OSCON 2003 registration

hornbill.gif It looks like the O’Reilly folks have finally posted the abstract for my One Year of PHP at Yahoo! talk I’ll be giving this summer in Portland, Oregon.

I filled out the speaker registration page today and picked some tutorials to attend. Here’s what I’ll be going to:


- Tutorial

Session ID: 3959

Title: Introduction to XSLT

Date: 07/07/2003

Time: 8:45am to 12:15pm

Location: Columbia

- Tutorial

Session ID: 4149

Title: Designing and Creating Great Shared Libraries

Date: 07/07/2003

Time: 1:45pm to 5:15pm

Location: Willamette

- Tutorial

Session ID: 3982

Title: Building Data Warehouses with MySQL

Date: 07/08/2003

Time: 8:45am to 12:15pm

Location: Salon H

On Monday afternoon I’ll probably bounce back and forth between Theodore Ts’o’s “Designing and Creating Great Shared Libraries” and Bradley M. Kuhn’s “The GNU General Public License for Developers and Businesspeople.”

Instead of registering for something on Tuesday afternoon, I think I’ll explore Portland. I’ve never been there before.

Early Bird registration is now open (through May 23rd) at http://conferences.oreillynet.com/os2003/

Upgrade my servers? Yeah, right.

In software engineering, laziness is a positive attribute. If one can accomplish the same task in 3 lines of code instead of 30, a good engineer opts for the 3-line version. That’s why libraries of code are so popular.

Engineers are also risk-averse. Every change you make to the system can possibly de-stabilize it, so engineers like to leave a running system alone. Fred Brooks writes in The Mythical Man-Month that every change has about a 50% chance of introducing a new bug.

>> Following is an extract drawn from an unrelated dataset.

(* Consider the base and perturbed optimal Bayesian inference models described in the context, and let $(s_n)$ be a sequence with $s_n\to 0_+$. There exists a constant $C$, which may depend on all parameters of the problem (such as $K$ and $S$) but not on $n$, such that for every $\lambda_n\in\mathcal{D}_{n,K}$, $$\big|\mathbb{E}\,F_{0,n}-\mathbb{E}\,F_n(\lambda_n)\big|\le C s_n .$$ Consequently $\mathbb{E}\,F_{0,n}$ and $\mathbb{E}\,F_n(\lambda_n)$ have the same limit as $n\to+\infty$, provided this limit exists.
   Context: All quantities are real. Fix an integer $K\ge1$ (independent of $n$) and $S>0$. A signal $X=(X_{ik})\in[-S,S]^{n\times K}$ is drawn from a prior $P_0(\cdot\mid\theta_0)$, where the hyper-parameter $\theta_0\in\Theta_0$ is itself random with distribution $P_{\theta_0}$. Data $\widetilde Y$ in a generic set $\widetilde{\mathcal Y}$ are drawn as $\widetilde Y\sim P_{\rm out}(\cdot\mid X,\theta_{\rm out})$, where $\theta_{\rm out}\in\Theta_{\rm out}$ is random with distribution $P_{\theta_{\rm out}}$; write $\theta=(\theta_0,\theta_{\rm out})$. The statistician knows $P_0$, $P_{\rm out}$ and $\theta$ (optimal Bayesian inference). The averaged free energy of the base model is $\mathbb{E}F_{0,n}=-\frac1n\mathbb{E}\ln\int dP_0(x\mid\theta_0)P_{\rm out}(\widetilde Y\mid x,\theta_{\rm out})$, with $\mathbb{E}$ over $(\theta,X,\widetilde Y)$. Let $\mathcal{D}_K$ be the set of symmetric $K\times K$ real matrices $\tilde\lambda$ with $\tilde\lambda_{kk'}=\tilde\lambda_{k'k}\in(1,2)$ for $k\neq k'$ and $\tilde\lambda_{kk}\in(2K,2K+1)$ for all $k$, and $\mathcal D_{n,K}=s_n\mathcal D_K$ (these are symmetric positive definite). For $\lambda_n\in\mathcal D_{n,K}$ with unique positive definite square root $\lambda_n^{1/2}$, the perturbed model additionally observes $Y=X\lambda_n^{1/2}+Z\in\mathbb{R}^{n\times K}$, where the rows of $Z$ are i.i.d. $\mathcal N(0,I_K)$, independent of everything else. Define $\mathcal H_{\lambda_n}(x,Y)=\frac12\|x\lambda_n^{1/2}\|_F^2-\mathrm{Tr}(Y^\intercal x\lambda_n^{1/2})$ and the perturbed free energy $F_n(\lambda_n)=-\frac1n\ln\int dP_0(x\mid\theta_0)P_{\rm out}(\widetilde Y\mid x,\theta_{\rm out})e^{-\mathcal H_{\lambda_n}(x,Y)}$. In $\mathbb{E}F_n(\lambda_n)$ the expectation is over $(\theta,X,\widetilde Y,Y)$ with $\lambda_n$ fixed. *)

theory Defs
  imports "HOL-Probability.Probability"
begin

Two steps forward, one step backwards.

But laziness and risk-aversion can be really negative attributes. How can you ever make any progress if you never touch the system? What if WordPerfect 5.1 was still the state of the art in 2003? We’d be missing out on a decade of improvements like WYSIWYG.

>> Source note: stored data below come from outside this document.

(* Let $p\in(0,1)$ and $u\in(0,1)$ with $u\ne p$. Let $S_0(x)=u+(1-u)x$, $S_1(x)=ux$, and let $\mu_u$ be the unique probability measure on $[0,1]$ satisfying $\mu_u=(1-p)\mu_u\circ S_0^{-1}+p\,\mu_u\circ S_1^{-1}$ (equivalently, the law of $\Theta_\infty(u)=\sum_{k\ge0}u^{T_k}((1-u)/u)^k$, where $T_k=G_0+\dots+G_k$ with $G_i$ IID, $P(G_0=n)=p^{n-1}(1-p)$, $n\ge1$). Then $\mu_u$ is singular with respect to Lebesgue measure. *)

theory Defs
  imports "HOL-Probability.Probability"
begin

definition singular_lebesgue :: "real measure \<Rightarrow> bool" where
  "singular_lebesgue M \<longleftrightarrow>
     (\<exists>N \<in> sets borel. emeasure lborel N = 0 \<and> emeasure M (space M - N) = 0)"

end

theory Submission
  imports Defs
begin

Consider the hypothetical case of the guy who’s trying to get the other 599 engineers at the company to upgrade their web servers to version N, when the vast majority of folks are still running version M.

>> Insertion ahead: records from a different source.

(* Let $0<\theta_1<\dots<\theta_n<2\pi$ and set $\theta_{j+n}=\theta_j+2\pi$. For $A\subset\mathbb{R}$ write $A\ (\mathrm{mod}\ 2\pi)=\{x+2\pi m: x\in A, m\in\mathbb{Z}\}\cap[0,2\pi)$; for $a\in(0,2\pi)$ put $I(x,a)=[x,x+a]\ (\mathrm{mod}\ 2\pi)$ and, for $1\le j\le n$, $J_j(a)=\{x\in[0,2\pi): I(x,a)\subset(\theta_j,\theta_{j+1})\ (\mathrm{mod}\ 2\pi)\}$. For $a_1,\dots,a_k\in(0,2\pi)$ let $$\Sigma_k(a_1,\dots,a_k)=\bigcup_{i_1,\dots,i_k\in\{1,\dots,n\}\text{ all distinct}}\ \prod_{j=1}^kJ_{i_j}(a_j)\subset[0,2\pi)^k.$$ Then for $(y_1,\dots,y_k)\in[0,2\pi)^k$, $(y_1,\dots,y_k)\in\Sigma_k(a_1,\dots,a_k)$ holds if and only if all of the following hold: (i) $I(y_l,a_l)\cap I(y_j,a_j)=\emptyset$ for $1\le l<j\le k$; (ii) $\theta_l\notin I(y_j,a_j)$ for all $1\le j\le k$, $1\le l\le n$; (iii) for all $p,q\in\{1,\dots,k\}$ with $y_p<y_q$, $\{\theta_1,\dots,\theta_n\}\cap(y_p,y_q)\ne\emptyset$ and $\{\theta_1,\dots,\theta_n\}\setminus[y_p,y_q]\neq\emptyset$. *)

theory Defs
  imports Complex_Main "HOL-Library.FuncSet"
begin

text \<open>Angles theta_1 < ... < theta_n are given as a function theta on indices 1..n;
  theta_{j+n} = theta_j + 2 pi (only needed for j = n+1 here).\<close>
definition theta_ext :: "(nat \<Rightarrow> real) \<Rightarrow> nat \<Rightarrow> nat \<Rightarrow> real" where
  "theta_ext \<theta> n j = (if j \<le> n then \<theta> j else \<theta> (j - n) + 2 * pi)"

definition mod2pi :: "real set \<Rightarrow> real set" where
  "mod2pi A = {x + 2 * pi * of_int m | x m. x \<in> A} \<inter> {0..<2 * pi}"

definition Iarc :: "real \<Rightarrow> real \<Rightarrow> real set" where
  "Iarc x a = mod2pi {x..x + a}"

definition Jset :: "(nat \<Rightarrow> real) \<Rightarrow> nat \<Rightarrow> nat \<Rightarrow> real \<Rightarrow> real set" where
  "Jset \<theta> n j a = {x \<in> {0..<2 * pi}.
      Iarc x a \<subseteq> mod2pi {theta_ext \<theta> n j <..< theta_ext \<theta> n (Suc j)}}"

text \<open>k-tuples are represented as functions nat => real, using the indices 1..k.\<close>
definition Sigma_k :: "(nat \<Rightarrow> real) \<Rightarrow> nat \<Rightarrow> nat \<Rightarrow> (nat \<Rightarrow> real) \<Rightarrow> (nat \<Rightarrow> real) set" where
  "Sigma_k \<theta> n k a = (\<Union>i \<in> {i. inj_on i {1..k} \<and> i ` {1..k} \<subseteq> {1..n}}.
      Pi {1..k} (\<lambda>j. Jset \<theta> n (i j) (a j)))"

end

If I’m happily running version M, what’s my incentive to upgrade? Sure, the guy who maintains the web server says it’s got some great new features, is faster, gives you some better management tools, and fixes a couple of bugs. But I don’t have time to skim the README to see if any of those features would be useful to me. Version M seems just fine to me, and something could go wrong if I go to version N.

Most importantly, senior management does not require that I pay any attention to the guy who maintains the web server. Even if I procmail all of the web server guy’s messages into /dev/null, I can still get a good review at the end of the year just for keeping my crappy property up and running.

The bummer for the guy who works on the web server is that he also happens to be one of the folks who spent the past 2 years trying to improve development process at the company. He helped build a software package-management tool that can tell you in near-realtime what versions of what software are installed on what servers. And when he checks the stats, he finds out that a lot of folks are running really old versions of the web server: versions J, K, and L. Getting people to upgrade to version N is going to be even more difficult.

Maybe this explains why most of his co-workers are still running Netscape 4.08.